Others have questioned the idea that high taxation is no barrier to growth in an inclusive economy. Messrs Acemoğlu and Robinson maintain that there is a world of difference in, say, a 50% tax rate imposed by an inclusive democratically elected government, and paying a similar percentage of earnings to a gangster regime intent on lining the pockets of its members.

Bill Gates, for example, is one who supports the argument that low tax rates don’t necessarily bring prosperity. In the 1960s, when the top income tax bracket in the US reached 90%, GDP growth averaged 4.4%, whereas in the 2000s, with top rate reduced to 38%, the economy expanded at just 1.7% annually.
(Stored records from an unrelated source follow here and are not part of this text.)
(* Let $s_1,s_2\ge0$ be integers and let $B^{s_1,s_2}(r_1,r_2;p_1,p_2)$ be as defined in the context. For all integers $r_1\ge1$, $r_2\ge0$, $p_2\ge0$ and $0\le p_1\le r_1-1$ with $(r_1-1)-p_1\ge p_2-r_2$, $$B^{s_1,s_2}(r_1,r_2;p_1,p_2)=B^{s_1,s_2}(r_1-1,r_2;p_1-1,p_2)+B^{s_1,s_2}(r_1-1,r_2+1;p_1,p_2)+(2p_1+2s_1)\,B^{s_1,s_2}(r_1-1,r_2;p_1,p_2).$$ In particular, when $p_2=0$, $$B^{s_1,s_2}(r_1,r_2;p_1,0)=B^{s_1,s_2}(r_1-1,r_2;p_1-1,0)+(2p_1+2s_1+s_2)\,B^{s_1,s_2}(r_1-1,r_2;p_1,0),$$ and this holds in particular when $r_2=0$.
   Context: $S(n,m)$ denotes the Stirling number of the second kind, with the conventions $S(0,0)=1$, $S(n,0)=0$ for $n\ge1$, and $S(n,m)=0$ whenever $m>n$ or $m<0$; also $0^0=1$ and $\binom{n}{i}=0$ unless $0\le i\le n$. For nonnegative integers $s_1,s_2,r_1,r_2$ and integers $p_1,p_2$ define $$B^{s_1,s_2}(r_1,r_2;p_1,p_2)=\sum_{i=0}^{r_1}\binom{r_1}{i}2^{\,i-p_1}S(i,p_1)\sum_{j=0}^{r_1-i}\binom{r_1-i}{j}(2s_1+s_2)^{r_1-i-j}\sum_{l=0}^{r_2}\binom{r_2}{l}s_2^{\,r_2-l}S(l+j,p_2)$$ (terms with $i<p_1$ vanish since $S(i,p_1)=0$). In the paper this number is written $B^{s_1,s_2}_{2r_1+r_2,\,2p_1+p_2}$. *)

theory Defs
  imports Main "HOL-Combinatorics.Stirling" Complex_Main
begin

definition S2 :: "nat \<Rightarrow> int \<Rightarrow> nat" where
  "S2 n m = (if m < 0 then 0 else Stirling n (nat m))"

definition B :: "nat \<Rightarrow> nat \<Rightarrow> nat \<Rightarrow> nat \<Rightarrow> int \<Rightarrow> int \<Rightarrow> real" where
  "B s1 s2 r1 r2 p1 p2 =
    (\<Sum>i=0..r1. real (r1 choose i) * (2::real) powi (int i - p1) * real (S2 i p1) *
      (\<Sum>j=0..r1-i. real ((r1-i) choose j) * real (2*s1+s2) ^ (r1-i-j) *
        (\<Sum>l=0..r2. real (r2 choose l) * real s2 ^ (r2-l) * real (S2 (l+j) p2))))"

end

theory Submission
  imports Defs
begin

text \<open>
  In \<open>r\<^sub>1\<close>, \<open>B\<close> is the binomial convolution of
  \<open>a(i) = 2^(i-p\<^sub>1) S(i,p\<^sub>1)\<close> (\<open>pow2_S2\<close>) with
  \<open>h(n) = \<Sum>\<^sub>j C(n,j) (2s\<^sub>1+s\<^sub>2)^(n-j) g(j)\<close> (\<open>B_tail\<close>), where
  \<open>g(j) = \<Sum>\<^sub>l C(r\<^sub>2,l) s\<^sub>2^(r\<^sub>2-l) S(l+j,p\<^sub>2)\<close> (\<open>S2_shift_sum\<close>).
  Pascal's rule turns \<open>r\<^sub>1 \<mapsto> r\<^sub>1+1\<close> into a shift of either factor.
  Shifting \<open>a\<close> is the Stirling recurrence \<open>a\<^sub>p(i+1) = 2p a\<^sub>p(i) + a\<^sub>p\<^sub>-\<^sub>1(i)\<close>.
  Shifting \<open>h\<close> splits the weight \<open>2s\<^sub>1+s\<^sub>2\<close>: the part \<open>s\<^sub>2\<close> together with the shift
  \<open>j \<mapsto> j+1\<close> of \<open>g\<close> is exactly what raising \<open>r\<^sub>2\<close> by one produces, leaving \<open>2s\<^sub>1 h(n)\<close>.
  For \<open>p\<^sub>2 = 0\<close> only \<open>S(0,0)\<close> survives in \<open>g\<close>, so raising \<open>r\<^sub>2\<close> just multiplies by \<open>s\<^sub>2\<close>.
\<close>

definition binom_conv :: "nat \<Rightarrow> (nat \<Rightarrow> nat \<Rightarrow> 'a::comm_semiring_1) \<Rightarrow> 'a" where
  "binom_conv n f = (\<Sum>i\<le>n. of_nat (n choose i) * f i (n - i))"

lemma binom_conv_add:
  "binom_conv n (\<lambda>i k. f i k + g i k) = binom_conv n f + binom_conv n g"
  by (simp add: binom_conv_def algebra_simps sum.distrib)

lemma binom_conv_cmult:
  "binom_conv n (\<lambda>i k. c * f i k) = c * binom_conv n f"
  by (simp add: binom_conv_def sum_distrib_left mult_ac)

lemma binom_conv_diff:
  fixes f g :: "nat \<Rightarrow> nat \<Rightarrow> 'a::comm_ring_1"
  shows "binom_conv n (\<lambda>i k. f i k - g i k) = binom_conv n f - binom_conv n g"
  by (simp add: binom_conv_def algebra_simps sum_subtractf)

lemma binom_conv_Suc:
  "binom_conv (Suc n) f = binom_conv n (\<lambda>i k. f i (Suc k)) + binom_conv n (\<lambda>i k. f (Suc i) k)"
proof -
  have "binom_conv (Suc n) f
      = f 0 (Suc n) + (\<Sum>i\<le>n. of_nat (n choose Suc i) * f (Suc i) (n - i))
        + (\<Sum>i\<le>n. of_nat (n choose i) * f (Suc i) (n - i))"
    unfolding binom_conv_def sum.atMost_Suc_shift by (simp add: distrib_right sum.distrib add_ac)
  also have "f 0 (Suc n) + (\<Sum>i\<le>n. of_nat (n choose Suc i) * f (Suc i) (n - i))
      = (\<Sum>i\<le>Suc n. of_nat (n choose i) * f i (Suc n - i))"
    unfolding sum.atMost_Suc_shift by simp
  also have "\<dots> = binom_conv n (\<lambda>i k. f i (Suc k))"
    by (simp add: binom_conv_def Suc_diff_le binomial_eq_0)
  finally show ?thesis by (simp add: binom_conv_def)
qed

lemma S2_Suc: "real (S2 (Suc i) p) = of_int p * real (S2 i p) + real (S2 i (p - 1))"
proof (cases "p \<ge> 1")
  case True
  then obtain k where "p = int (Suc k)"
    using nonneg_int_cases[of "p - 1"] by (metis add.commute diff_add_cancel le_add_same_cancel1 of_nat_Suc)
  then show ?thesis by (simp add: S2_def del: of_nat_Suc) (simp add: algebra_simps)
next
  case False
  then show ?thesis by (cases "p = 0") (auto simp: S2_def)
qed

definition pow2_S2 :: "int \<Rightarrow> nat \<Rightarrow> real" where
  "pow2_S2 p i = 2 powi (int i - p) * real (S2 i p)"

lemma pow2_S2_Suc: "pow2_S2 p (Suc i) = 2 * of_int p * pow2_S2 p i + pow2_S2 (p - 1) i"
proof -
  have "(2::real) powi (int (Suc i) - p) = 2 * 2 powi (int i - p)"
    and "(2::real) powi (int i - (p - 1)) = 2 * 2 powi (int i - p)"
    using power_int_add_1[of "2::real" "int i - p"] by (simp_all add: algebra_simps)
  then show ?thesis unfolding pow2_S2_def S2_Suc by (simp add: algebra_simps)
qed

definition S2_shift_sum :: "nat \<Rightarrow> int \<Rightarrow> nat \<Rightarrow> nat \<Rightarrow> real" where
  "S2_shift_sum s2 p2 r2 j = binom_conv r2 (\<lambda>l k. real s2 ^ k * real (S2 (l + j) p2))"

definition B_tail :: "nat \<Rightarrow> nat \<Rightarrow> int \<Rightarrow> nat \<Rightarrow> nat \<Rightarrow> real" where
  "B_tail s1 s2 p2 r2 n = binom_conv n (\<lambda>j k. real (2*s1+s2) ^ k * S2_shift_sum s2 p2 r2 j)"

lemma B_eq_binom_conv:
  "B s1 s2 r1 r2 p1 p2 = binom_conv r1 (\<lambda>i k. pow2_S2 p1 i * B_tail s1 s2 p2 r2 k)"
  unfolding B_def binom_conv_def B_tail_def S2_shift_sum_def pow2_S2_def atLeast0AtMost
  by (rule sum.cong) (simp_all add: mult_ac)

lemma S2_shift_sum_Suc:
  "S2_shift_sum s2 p2 (Suc r2) j = real s2 * S2_shift_sum s2 p2 r2 j + S2_shift_sum s2 p2 r2 (Suc j)"
  unfolding S2_shift_sum_def
  by (subst binom_conv_Suc) (simp add: binom_conv_cmult[symmetric] mult_ac)

lemma B_tail_Suc:
  "B_tail s1 s2 p2 r2 (Suc n) = B_tail s1 s2 p2 (Suc r2) n + 2 * real s1 * B_tail s1 s2 p2 r2 n"
proof -
  let ?c = "real (2*s1+s2)"
  have "B_tail s1 s2 p2 r2 (Suc n)
      = binom_conv n (\<lambda>j k. ?c * (?c ^ k * S2_shift_sum s2 p2 r2 j))
        + binom_conv n (\<lambda>j k. ?c ^ k * S2_shift_sum s2 p2 (Suc r2) j
                                - real s2 * (?c ^ k * S2_shift_sum s2 p2 r2 j))"
    unfolding B_tail_def by (subst binom_conv_Suc) (simp add: S2_shift_sum_Suc algebra_simps)
  also have "\<dots> = B_tail s1 s2 p2 (Suc r2) n + 2 * real s1 * B_tail s1 s2 p2 r2 n"
    unfolding binom_conv_cmult binom_conv_diff B_tail_def[symmetric] by (simp add: algebra_simps)
  finally show ?thesis .
qed

lemma B_Suc_r1:
  "B s1 s2 (Suc r1) r2 p1 p2 = B s1 s2 r1 r2 (p1 - 1) p2 + B s1 s2 r1 (Suc r2) p1 p2
     + (2 * of_int p1 + 2 * real s1) * B s1 s2 r1 r2 p1 p2"
proof -
  have "B s1 s2 (Suc r1) r2 p1 p2 =
      binom_conv r1 (\<lambda>i k. pow2_S2 p1 i * B_tail s1 s2 p2 (Suc r2) k
                          + 2 * real s1 * (pow2_S2 p1 i * B_tail s1 s2 p2 r2 k))
      + binom_conv r1 (\<lambda>i k. 2 * of_int p1 * (pow2_S2 p1 i * B_tail s1 s2 p2 r2 k)
                          + pow2_S2 (p1 - 1) i * B_tail s1 s2 p2 r2 k)"
    unfolding B_eq_binom_conv
    by (subst binom_conv_Suc) (simp add: B_tail_Suc pow2_S2_Suc algebra_simps)
  then show ?thesis
    unfolding binom_conv_add binom_conv_cmult B_eq_binom_conv[symmetric] by (simp add: algebra_simps)
qed

lemma B_Suc_r2_p2_zero: "B s1 s2 r1 (Suc r2) p1 0 = real s2 * B s1 s2 r1 r2 p1 0"
proof -
  have "S2_shift_sum s2 0 r2 (Suc j) = 0" for j
    unfolding S2_shift_sum_def binom_conv_def by (simp add: S2_def)
  then have "B_tail s1 s2 0 (Suc r2) n = real s2 * B_tail s1 s2 0 r2 n" for n
    unfolding B_tail_def S2_shift_sum_Suc binom_conv_cmult[symmetric] by (simp add: mult_ac)
  then show ?thesis
    unfolding B_eq_binom_conv binom_conv_cmult[symmetric] by (simp add: mult_ac)
qed

theorem lemma3p17:
  fixes s1 s2 r1 r2 :: nat and p1 p2 :: int
  assumes "r1 \<ge> 1" and "p2 \<ge> 0" and "0 \<le> p1" and "p1 \<le> int r1 - 1"
    and "(int r1 - 1) - p1 \<ge> p2 - int r2"
  shows "(B s1 s2 r1 r2 p1 p2 =
           B s1 s2 (r1-1) r2 (p1-1) p2 + B s1 s2 (r1-1) (r2+1) p1 p2
           + (2*of_int p1 + 2*real s1) * B s1 s2 (r1-1) r2 p1 p2)
       \<and> (B s1 s2 r1 r2 p1 0 =
           B s1 s2 (r1-1) r2 (p1-1) 0
           + (2*of_int p1 + 2*real s1 + real s2) * B s1 s2 (r1-1) r2 p1 0)"
proof -
  obtain n where r1: "r1 = Suc n" using assms(1) by (cases r1) auto
  show ?thesis
    using B_Suc_r1[of s1 s2 n r2 p1 p2] B_Suc_r1[of s1 s2 n r2 p1 0] B_Suc_r2_p2_zero[of s1 s2 n r2 p1]
    by (simp add: r1 algebra_simps)
qed

end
Modern economists too often fail to ask how markets develop. There is an apparent belief that if enough investment is ploughed into a developing nation, growth will automatically follow. The theory presented by Messrs Acemoğlu and Robinson in How Nations Fail shows that the causes of poverty are as old as civilisation itself. i

Footnotes

  1. Why Nations Fail: The Origins of Power, Prosperity, and Poverty by Daron Acemoğlu and James A Robinson – Profile Books (2012) – ISBN 978-1-8466-8430-2.
  2. Collapse: How Societies Choose to Fail or Survive by Jared Diamond – Penguin (2011) – ISBN 978-0-2419-5868-1.
  3. What Makes Countries Rich or Poor? by Jared Diamond in the New York Review of Books (volume 59, issue 10 of June 7, 2012).